◆ WHAT NEEDS TO BE DONE
Show, from the records below, all lines that contain the word "dots".

Records from a dataset
(* For $h\ge3$ the determinants satisfy $D_h-D_{h-1}+2z^3D_{h-2}-z^6D_{h-3}=0$. Moreover, with $z^3=t(1-t)^2$ and $W=\sqrt{4t-3t^2}$, for all $h\ge0$, \[ D_h=A r_1^h+Br_2^h+Cr_3^h, \] where $r_1=(t-1)^2$, $r_2=\tfrac t2(2-t+W)$, $r_3=\tfrac t2(2-t-W)$ are the roots of $X^3-X^2+2z^3X-z^6=0$, and \[ A=\frac{t-1}{3t-1},\qquad B=\frac{3t^2-4t-W}{(3t-1)(3t-4)},\qquad C=\frac{3t^2-4t+W}{(3t-1)(3t-4)}. \] (The identity holds as an identity of formal series in $t^{1/2}$, with $W=2t^{1/2}(1-3t/4)^{1/2}$.)
   Context: For $h\ge1$, $D_h=D_h(z)$ is the determinant of the $h\times h$ matrix $T_h$ (rows/columns indexed $0,\dots,h-1$) with entries $(T_h)_{p,p}=1$, $(T_h)_{p,p+1}=-2z$, $(T_h)_{p,p+2}=z^2$, $(T_h)_{p+1,p}=-z^2$, and all other entries $0$; $D_0=1$. (So $D_1=1$, $D_2=1-2z^3$.) *)

theory Defs
  imports Complex_Main "Jordan_Normal_Form.Determinant"
begin

definition T_mat :: "nat \<Rightarrow> 'a::comm_ring_1 \<Rightarrow> 'a mat" where
  "T_mat h z = mat h h (\<lambda>(p, q).
      if q = p then 1
      else if q = p + 1 then - 2 * z
      else if q = p + 2 then z ^ 2
      else if p = q + 1 then - (z ^ 2)
      else 0)"

text \<open>D_h(z) = det T_h(z); for h = 0 this is the determinant of the empty matrix, i.e. 1.\<close>
definition D :: "nat \<Rightarrow> 'a::comm_ring_1 \<Rightarrow> 'a" where
  "D h z = (if h = 0 then 1 else det (T_mat h z))"

end

theory Submission
  imports Defs
begin

text \<open>Expanding \<open>det T\<^sub>h\<close> along its last row, then the last row of the surviving minor, then
  the last column of the next one, gives the order-three recurrence, whose characteristic polynomial
  is \<open>X\<^sup>3 - X\<^sup>2 + 2z\<^sup>3X - z\<^sup>6\<close>. The substitution \<open>z\<^sup>3 = t(1 - t)\<^sup>2\<close> makes \<open>(t - 1)\<^sup>2\<close> a root, and the
  remaining quadratic factor has discriminant \<open>t\<^sup>2W\<^sup>2\<close>; matching \<open>D\<^sub>0 = D\<^sub>1 = 1\<close> and
  \<open>D\<^sub>2 = 1 - 2z\<^sup>3\<close> then determines \<open>A, B, C\<close>.\<close>

lemma det_mat_Suc_last_row:
  fixes g :: "nat \<times> nat \<Rightarrow> 'a::comm_ring_1"
  shows "det (mat (Suc k) (Suc k) g) =
    (\<Sum>j<Suc k. g (k, j) * ((-1) ^ (k + j) *
        det (mat k k (\<lambda>(p, q). g (p, if q < j then q else Suc q)))))"
proof -
  have "det (mat (Suc k) (Suc k) g) =
      (\<Sum>j<Suc k. mat (Suc k) (Suc k) g $$ (k, j) * cofactor (mat (Suc k) (Suc k) g) k j)"
    by (rule laplace_expansion_row) auto
  also have "\<dots> = (\<Sum>j<Suc k. g (k, j) * ((-1) ^ (k + j) *
        det (mat k k (\<lambda>(p, q). g (p, if q < j then q else Suc q)))))"
  proof (rule sum.cong[OF refl])
    fix j assume j: "j \<in> {..<Suc k}"
    have "mat_delete (mat (Suc k) (Suc k) g) k j =
        mat k k (\<lambda>(p, q). g (p, if q < j then q else Suc q))"
      unfolding mat_delete_def using j by (intro eq_matI) auto
    then show "mat (Suc k) (Suc k) g $$ (k, j) * cofactor (mat (Suc k) (Suc k) g) k j =
        g (k, j) * ((-1) ^ (k + j) * det (mat k k (\<lambda>(p, q). g (p, if q < j then q else Suc q))))"
      unfolding cofactor_def using j by auto
  qed
  finally show ?thesis .
qed

lemma det_mat_Suc_last_col:
  fixes g :: "nat \<times> nat \<Rightarrow> 'a::comm_ring_1"
  shows "det (mat (Suc k) (Suc k) g) =
    (\<Sum>i<Suc k. g (i, k) * ((-1) ^ (i + k) *
        det (mat k k (\<lambda>(p, q). g (if p < i then p else Suc p, q)))))"
proof -
  have "det (mat (Suc k) (Suc k) g) =
      (\<Sum>i<Suc k. mat (Suc k) (Suc k) g $$ (i, k) * cofactor (mat (Suc k) (Suc k) g) i k)"
    by (rule laplace_expansion_column) auto
  also have "\<dots> = (\<Sum>i<Suc k. g (i, k) * ((-1) ^ (i + k) *
        det (mat k k (\<lambda>(p, q). g (if p < i then p else Suc p, q)))))"
  proof (rule sum.cong[OF refl])
    fix i assume i: "i \<in> {..<Suc k}"
    have "mat_delete (mat (Suc k) (Suc k) g) i k =
        mat k k (\<lambda>(p, q). g (if p < i then p else Suc p, q))"
      unfolding mat_delete_def using i by (intro eq_matI) auto
    then show "mat (Suc k) (Suc k) g $$ (i, k) * cofactor (mat (Suc k) (Suc k) g) i k =
        g (i, k) * ((-1) ^ (i + k) * det (mat k k (\<lambda>(p, q). g (if p < i then p else Suc p, q))))"
      unfolding cofactor_def using i by auto
  qed
  finally show ?thesis .
qed

lemma neg_one_power_double [simp]: "(-1 :: 'a::ring_1) ^ (n + n) = 1"
  by (rule neg_one_even_power) simp

lemma neg_one_power_Suc_double [simp]: "(-1 :: 'a::ring_1) ^ Suc (n + n) = -1"
  by (rule neg_one_odd_power) simp

lemma mat_cong:
  assumes "\<And>p q. p < k \<Longrightarrow> q < k \<Longrightarrow> f (p, q) = g (p, q)"
  shows "mat k k f = mat k k g"
  using assms by (intro eq_matI) auto

definition T_entry :: "'a::comm_ring_1 \<Rightarrow> nat \<times> nat \<Rightarrow> 'a" where
  "T_entry z = (\<lambda>(p, q).
      if q = p then 1
      else if q = p + 1 then - 2 * z
      else if q = p + 2 then z ^ 2
      else if p = q + 1 then - (z ^ 2)
      else 0)"

lemma D_eq_det_mat: "D h z = det (mat h h (T_entry z))"
  unfolding D_def T_mat_def T_entry_def by (cases "h = 0") auto

lemma D_1: "D 1 z = 1"
  unfolding D_def T_mat_def by (simp add: det_mat_Suc_last_row[where k = 0, simplified])

lemma D_2: "D 2 (z::'a::comm_ring_1) = 1 - 2 * z ^ 3"
proof -
  have "D 2 z = det (mat (Suc (Suc 0)) (Suc (Suc 0)) (T_entry z))"
    by (simp add: D_eq_det_mat eval_nat_numeral)
  also have "\<dots> = 1 - 2 * z ^ 3"
    unfolding det_mat_Suc_last_row[of "Suc 0"]
    by (simp add: det_mat_Suc_last_row[where k = 0, simplified] T_entry_def
        algebra_simps eval_nat_numeral)
  finally show ?thesis .
qed

lemma D_Suc_Suc_Suc:
  fixes z :: "'a::comm_ring_1"
  shows "D (n + 3) z = D (n + 2) z - 2 * z ^ 3 * D (n + 1) z + z ^ 6 * D n z"
proof -
  define M where "M = (\<lambda>(p, q). T_entry z (p, if q < Suc n then q else Suc q))"
  define N where "N = (\<lambda>(p, q). M (p, if q < n then q else Suc q))"
  \<comment> \<open>\<open>T\<close> is banded, so each expansion below keeps at most two nonzero terms.\<close>
  have expand_T: "D (n + 3) z = z ^ 2 * det (mat (n + 2) (n + 2) M) + D (n + 2) z"
  proof -
    have "D (n + 3) z = det (mat (Suc (Suc (Suc n))) (Suc (Suc (Suc n))) (T_entry z))"
      by (simp add: D_eq_det_mat eval_nat_numeral)
    also have "\<dots> = T_entry z (Suc (Suc n), Suc n) * ((-1) ^ (Suc (Suc n) + Suc n) *
          det (mat (Suc (Suc n)) (Suc (Suc n)) M))
        + T_entry z (Suc (Suc n), Suc (Suc n)) * ((-1) ^ (Suc (Suc n) + Suc (Suc n)) *
          det (mat (Suc (Suc n)) (Suc (Suc n))
            (\<lambda>(p, q). T_entry z (p, if q < Suc (Suc n) then q else Suc q))))"
      unfolding det_mat_Suc_last_row[of "Suc (Suc n)"] M_def by (simp add: sum.neutral T_entry_def)
    also have "mat (Suc (Suc n)) (Suc (Suc n))
          (\<lambda>(p, q). T_entry z (p, if q < Suc (Suc n) then q else Suc q))
        = mat (Suc (Suc n)) (Suc (Suc n)) (T_entry z)"
      by (rule mat_cong) auto
    finally show ?thesis
      by (simp add: D_eq_det_mat T_entry_def eval_nat_numeral)
  qed
  have expand_M: "det (mat (n + 2) (n + 2) M) = z ^ 2 * det (mat (Suc n) (Suc n) N) - 2 * z * D (n + 1) z"
  proof -
    have "det (mat (Suc (Suc n)) (Suc (Suc n)) M) =
        M (Suc n, n) * ((-1) ^ (Suc n + n) * det (mat (Suc n) (Suc n) N))
        + M (Suc n, Suc n) * ((-1) ^ (Suc n + Suc n) *
          det (mat (Suc n) (Suc n) (\<lambda>(p, q). M (p, if q < Suc n then q else Suc q))))"
      unfolding det_mat_Suc_last_row[of "Suc n" M] N_def
      by (simp add: sum.neutral M_def T_entry_def)
    also have "mat (Suc n) (Suc n) (\<lambda>(p, q). M (p, if q < Suc n then q else Suc q))
        = mat (Suc n) (Suc n) (T_entry z)"
      by (rule mat_cong) (auto simp: M_def)
    finally show ?thesis
      by (simp add: D_eq_det_mat M_def T_entry_def eval_nat_numeral)
  qed
  have expand_N: "det (mat (Suc n) (Suc n) N) = z ^ 2 * D n z"
  proof -
    have "det (mat (Suc n) (Suc n) N) = N (n, n) * ((-1) ^ (n + n) *
        det (mat n n (\<lambda>(p, q). N (if p < n then p else Suc p, q))))"
      unfolding det_mat_Suc_last_col[of n] by (simp add: sum.neutral N_def M_def T_entry_def)
    also have "mat n n (\<lambda>(p, q). N (if p < n then p else Suc p, q)) = mat n n (T_entry z)"
      by (rule mat_cong) (auto simp: N_def M_def)
    finally show ?thesis
      by (simp add: D_eq_det_mat N_def M_def T_entry_def)
  qed
  show ?thesis
    unfolding expand_T expand_M expand_N by (simp add: algebra_simps eval_nat_numeral)
qed

lemma recurrence_3_unique:
  fixes f g :: "nat \<Rightarrow> 'a::comm_ring_1"
  assumes f: "\<And>n. f (n + 3) = a * f (n + 2) + b * f (n + 1) + c * f n"
    and g: "\<And>n. g (n + 3) = a * g (n + 2) + b * g (n + 1) + c * g n"
    and "f 0 = g 0" "f 1 = g 1" "f 2 = g 2"
  shows "f n = g n"
proof (induction n rule: less_induct)
  case (less n)
  show ?case
  proof (cases "n < 3")
    case True
    then consider "n = 0" | "n = 1" | "n = 2" by linarith
    then show ?thesis by cases (use assms in simp_all)
  next
    case False
    then obtain m where "n = m + 3" by (metis add.commute le_Suc_ex not_less)
    then show ?thesis using f[of m] g[of m] less.IH[of m] less.IH[of "m + 1"] less.IH[of "m + 2"]
      by simp
  qed
qed

lemma power_recurrence_3:
  fixes r :: "'a::comm_ring_1"
  assumes "r ^ 3 = a * r ^ 2 + b * r + c"
  shows "r ^ (n + 3) = a * r ^ (n + 2) + b * r ^ (n + 1) + c * r ^ n"
proof -
  have "r ^ (n + 3) = r ^ n * r ^ 3" by (simp add: power_add)
  also have "\<dots> = r ^ n * (a * r ^ 2 + b * r + c)" using assms by simp
  finally show ?thesis by (simp add: power_add power2_eq_square algebra_simps)
qed

lemma D_eq_power_sum:
  fixes z :: "'a::comm_ring_1"
  assumes roots: "\<forall>r \<in> {r1, r2, r3}. r ^ 3 - r ^ 2 + 2 * z ^ 3 * r - z ^ 6 = 0"
    and "A + B + C = 1" "A * r1 + B * r2 + C * r3 = 1"
    and "A * r1 ^ 2 + B * r2 ^ 2 + C * r3 ^ 2 = 1 - 2 * z ^ 3"
  shows "D h z = A * r1 ^ h + B * r2 ^ h + C * r3 ^ h"
proof (rule recurrence_3_unique[where a = 1 and b = "- 2 * z ^ 3" and c = "z ^ 6"])
  show "D (n + 3) z = 1 * D (n + 2) z + - 2 * z ^ 3 * D (n + 1) z + z ^ 6 * D n z" for n
    using D_Suc_Suc_Suc[of n z] by simp
  have power_rec: "r ^ (n + 3) = 1 * r ^ (n + 2) + - 2 * z ^ 3 * r ^ (n + 1) + z ^ 6 * r ^ n"
    if "r \<in> {r1, r2, r3}" for r n
  proof (rule power_recurrence_3)
    have "r ^ 3 - r ^ 2 + 2 * z ^ 3 * r - z ^ 6 = 0" using roots that by blast
    then show "r ^ 3 = 1 * r ^ 2 + - 2 * z ^ 3 * r + z ^ 6"
      by (simp add: eq_iff_diff_eq_0[of "r ^ 3"] algebra_simps)
  qed
  show "A * r1 ^ (n + 3) + B * r2 ^ (n + 3) + C * r3 ^ (n + 3) =
      1 * (A * r1 ^ (n + 2) + B * r2 ^ (n + 2) + C * r3 ^ (n + 2))
      + - 2 * z ^ 3 * (A * r1 ^ (n + 1) + B * r2 ^ (n + 1) + C * r3 ^ (n + 1))
      + z ^ 6 * (A * r1 ^ n + B * r2 ^ n + C * r3 ^ n)" for n
    by (simp only: power_rec insert_iff simp_thms) (simp add: algebra_simps)
qed (use assms D_1 D_2 in \<open>simp_all add: D_def\<close>)

lemma characteristic_roots:
  fixes t W z :: "'a::field_char_0"
  assumes z: "z ^ 3 = t * (1 - t) ^ 2" and W: "W ^ 2 = 4 * t - 3 * t ^ 2"
  shows "\<forall>r \<in> {(t - 1) ^ 2, t / 2 * (2 - t + W), t / 2 * (2 - t - W)}.
           r ^ 3 - r ^ 2 + 2 * z ^ 3 * r - z ^ 6 = 0"
proof -
  define s where "s = t * (1 - t) ^ 2"
  have "z ^ 6 = (z ^ 3) ^ 2" by (simp flip: power_mult)
  then have z6: "z ^ 6 = s ^ 2" using z by (simp add: s_def)
  \<comment> \<open>\<open>HOL-Algebra.Ring\<close>, imported via \<open>Jordan_Normal_Form\<close>, shadows the method \<open>algebra\<close>.\<close>
  have root_linear: "r ^ 3 - r ^ 2 + 2 * s * r - s ^ 2 = 0" if "r = (t - 1) ^ 2" for r
    using that unfolding s_def by Groebner_Basis.algebra
  have root_quadratic: "r ^ 3 - r ^ 2 + 2 * s * r - s ^ 2 = 0"
    if "2 * r = t * (2 - t + e * W)" and "e ^ 2 = 1" for r e
    using that W unfolding s_def by Groebner_Basis.algebra
  show ?thesis
    unfolding z6 z[folded s_def]
    using root_linear root_quadratic[of "t / 2 * (2 - t + W)" 1]
      root_quadratic[of "t / 2 * (2 - t - W)" "-1"]
    by simp
qed

lemma initial_values:
  fixes t W :: "'a::field_char_0"
  assumes W: "W ^ 2 = 4 * t - 3 * t ^ 2" and t1: "3 * t \<noteq> 1" and t4: "3 * t \<noteq> 4"
  defines "A \<equiv> (t - 1) / (3 * t - 1)"
    and "B \<equiv> (3 * t ^ 2 - 4 * t - W) / ((3 * t - 1) * (3 * t - 4))"
    and "C \<equiv> (3 * t ^ 2 - 4 * t + W) / ((3 * t - 1) * (3 * t - 4))"
    and "r1 \<equiv> (t - 1) ^ 2" and "r2 \<equiv> t / 2 * (2 - t + W)" and "r3 \<equiv> t / 2 * (2 - t - W)"
  shows "A + B + C = 1" and "A * r1 + B * r2 + C * r3 = 1"
    and "A * r1 ^ 2 + B * r2 ^ 2 + C * r3 ^ 2 = 1 - 2 * (t * (1 - t) ^ 2)"
proof -
  define d where "d = (3 * t - 1) * (3 * t - 4)"
  have "d \<noteq> 0" using t1 t4 by (simp add: d_def)
  have A: "A = (t - 1) * (3 * t - 4) / d" using t4 by (simp add: A_def d_def)
  have combine: "A * x + B * y + C * w = s"
    if "(t - 1) * (3 * t - 4) * x + (3 * t ^ 2 - 4 * t - W) * y + (3 * t ^ 2 - 4 * t + W) * w = s * d"
    for x y w s
    using that \<open>d \<noteq> 0\<close> unfolding A B_def C_def d_def[symmetric]
    by (simp add: add_divide_distrib[symmetric] divide_eq_eq)
  have r: "2 * r2 = t * (2 - t + W)" "2 * r3 = t * (2 - t - W)"
    by (simp_all add: r2_def r3_def)
  show "A + B + C = 1"
    using combine[of 1 1 1 1] unfolding d_def by (simp add: algebra_simps power2_eq_square)
  show "A * r1 + B * r2 + C * r3 = 1"
    by (rule combine) (use W r in \<open>unfold d_def r1_def, Groebner_Basis.algebra\<close>)
  show "A * r1 ^ 2 + B * r2 ^ 2 + C * r3 ^ 2 = 1 - 2 * (t * (1 - t) ^ 2)"
    by (rule combine) (use W r in \<open>unfold d_def r1_def, Groebner_Basis.algebra\<close>)
qed

theorem mainTheorem3:
  shows "(\<forall>(z::complex) h. h \<ge> 3 \<longrightarrow>
            D h z - D (h - 1) z + 2 * z ^ 3 * D (h - 2) z - z ^ 6 * D (h - 3) z = 0)
    \<and> (\<forall>(t::complex) (W::complex) (z::complex).
          z ^ 3 = t * (1 - t) ^ 2 \<longrightarrow> W ^ 2 = 4 * t - 3 * t ^ 2 \<longrightarrow>
          3 * t \<noteq> 1 \<longrightarrow> 3 * t \<noteq> 4 \<longrightarrow>
          (let r1 = (t - 1) ^ 2;
               r2 = t / 2 * (2 - t + W);
               r3 = t / 2 * (2 - t - W);
               A = (t - 1) / (3 * t - 1);
               B = (3 * t ^ 2 - 4 * t - W) / ((3 * t - 1) * (3 * t - 4));
               C = (3 * t ^ 2 - 4 * t + W) / ((3 * t - 1) * (3 * t - 4))
           in (\<forall>r \<in> {r1, r2, r3}. r ^ 3 - r ^ 2 + 2 * z ^ 3 * r - z ^ 6 = 0)
              \<and> (\<forall>h. D h z = A * r1 ^ h + B * r2 ^ h + C * r3 ^ h)))"
proof (intro conjI allI impI)
  fix z :: complex and h :: nat
  assume "h \<ge> 3"
  then obtain n where h: "h = n + 3" by (metis add.commute le_Suc_ex)
  show "D h z - D (h - 1) z + 2 * z ^ 3 * D (h - 2) z - z ^ 6 * D (h - 3) z = 0"
    unfolding h using D_Suc_Suc_Suc[of n z] by (simp add: eval_nat_numeral)
next
  fix t W z :: complex
  assume z: "z ^ 3 = t * (1 - t) ^ 2" and W: "W ^ 2 = 4 * t - 3 * t ^ 2"
    and "3 * t \<noteq> 1" "3 * t \<noteq> 4"
  note roots = characteristic_roots[OF z W]
  note init = initial_values[OF W \<open>3 * t \<noteq> 1\<close> \<open>3 * t \<noteq> 4\<close>, folded z]
  show "let r1 = (t - 1) ^ 2; r2 = t / 2 * (2 - t + W); r3 = t / 2 * (2 - t - W);
         A = (t - 1) / (3 * t - 1);
         B = (3 * t ^ 2 - 4 * t - W) / ((3 * t - 1) * (3 * t - 4));
         C = (3 * t ^ 2 - 4 * t + W) / ((3 * t - 1) * (3 * t - 4))
       in (\<forall>r \<in> {r1, r2, r3}. r ^ 3 - r ^ 2 + 2 * z ^ 3 * r - z ^ 6 = 0)
          \<and> (\<forall>h. D h z = A * r1 ^ h + B * r2 ^ h + C * r3 ^ h)"
    unfolding Let_def using roots D_eq_power_sum[OF roots init] by blast
qed

end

◆ YOUR SOLUTION
   Context: For $h\ge1$, $D_h=D_h(z)$ is the determinant of the $h\times h$ matrix $T_h$ (rows/columns indexed $0,\dots,h-1$) with entries $(T_h)_{p,p}=1$, $(T_h)_{p,p+1}=-2z$, $(T_h)_{p,p+2}=z^2$, $(T_h)_{p+1,p}=-z^2$, and all other entries $0$; $D_0=1$. (So $D_1=1$, $D_2=1-2z^3$.) *)
  also have "\<dots> = (\<Sum>j<Suc k. g (k, j) * ((-1) ^ (k + j) *
  also have "\<dots> = (\<Sum>i<Suc k. g (i, k) * ((-1) ^ (i + k) *
  also have "\<dots> = 1 - 2 * z ^ 3"
    also have "\<dots> = T_entry z (Suc (Suc n), Suc n) * ((-1) ^ (Suc (Suc n) + Suc n) *
  also have "\<dots> = r ^ n * (a * r ^ 2 + b * r + c)" using assms by simp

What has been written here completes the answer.